How to Build a Distributed Rate Limiting System: Redis, Node.js & TypeScript Guide

js

How to Build a Distributed Rate Limiting System: Redis, Node.js & TypeScript Guide

Learn to build a distributed rate limiting system using Redis, Node.js & TypeScript. Implement Token Bucket, Sliding Window algorithms with Express middleware. Get started now!

Sep 13, 2025

How to Build a Distributed Rate Limiting System: Redis, Node.js & TypeScript Guide

I’ve been thinking a lot about distributed rate limiting lately. In today’s world of microservices and cloud-native applications, a simple local rate limiter just doesn’t cut it anymore. When you have multiple instances of your service running, each needs to respect the same global limits. That’s where Redis comes in - it gives us a shared state that all our instances can trust.

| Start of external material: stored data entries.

lemma ergodic_average_gap_le:
  assumes N: "1 \<le> N"
  defines "s \<equiv> \<Sum>n = 1..N. tau n"
  shows "Lag g F Phi ((1 / s) *\<^sub>R (\<Sum>n = 1..N. tau n *\<^sub>R x n)) ys
           - Lag g F Phi xs ((1 / s) *\<^sub>R (\<Sum>n = 1..N. tau n *\<^sub>R y n))
         \<le> ereal ((\<Sum>n = 1..N. tau n * gap n) / s)"
proof -
  have s: "0 < s" unfolding s_def using N tau_pos by (intro sum_pos) auto
  have avg: "(1 / s) *\<^sub>R (\<Sum>n = 1..N. tau n *\<^sub>R p n) = (\<Sum>n = 1..N. (tau n / s) *\<^sub>R p n)"
    for p :: "nat \<Rightarrow> 'c::real_vector"
    by (simp add: scaleR_sum_right divide_inverse_commute)
  have "(\<Sum>n = 1..N. tau n / s) = 1" using s unfolding s_def by (simp flip: sum_divide_distrib)
  hence "Lag g F Phi (\<Sum>n = 1..N. (tau n / s) *\<^sub>R x n) ys
           - Lag g F Phi xs (\<Sum>n = 1..N. (tau n / s) *\<^sub>R y n)
         \<le> ereal (\<Sum>n = 1..N. tau n / s * gap n)"
    unfolding gap_def
    using saddle_gap_average[OF g_pcc(1,3) F_pcc(1,3) Phi_cvx[rule_format, OF saddle_point(2)]
        Phi_ccv[rule_format, OF saddle_point(1)] saddle_point(1,2), of "{1..N}" "\<lambda>n. tau n / s"]
      N s tau_pos x_in_edom y_in_edom by (simp add: less_imp_le)
  also have "(\<Sum>n = 1..N. tau n / s * gap n) = (\<Sum>n = 1..N. tau n * gap n) / s"
    by (simp add: sum_divide_distrib)
  finally show ?thesis unfolding avg .
qed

Why does this matter? Imagine a user making requests to different instances of your API. Without a distributed approach, each instance might allow the maximum number of requests, effectively multiplying the limit. This defeats the purpose of rate limiting entirely.

Let me show you how we can build something better. We’ll use Redis as our coordination layer, Node.js for the runtime, and TypeScript for type safety. The combination gives us both performance and reliability.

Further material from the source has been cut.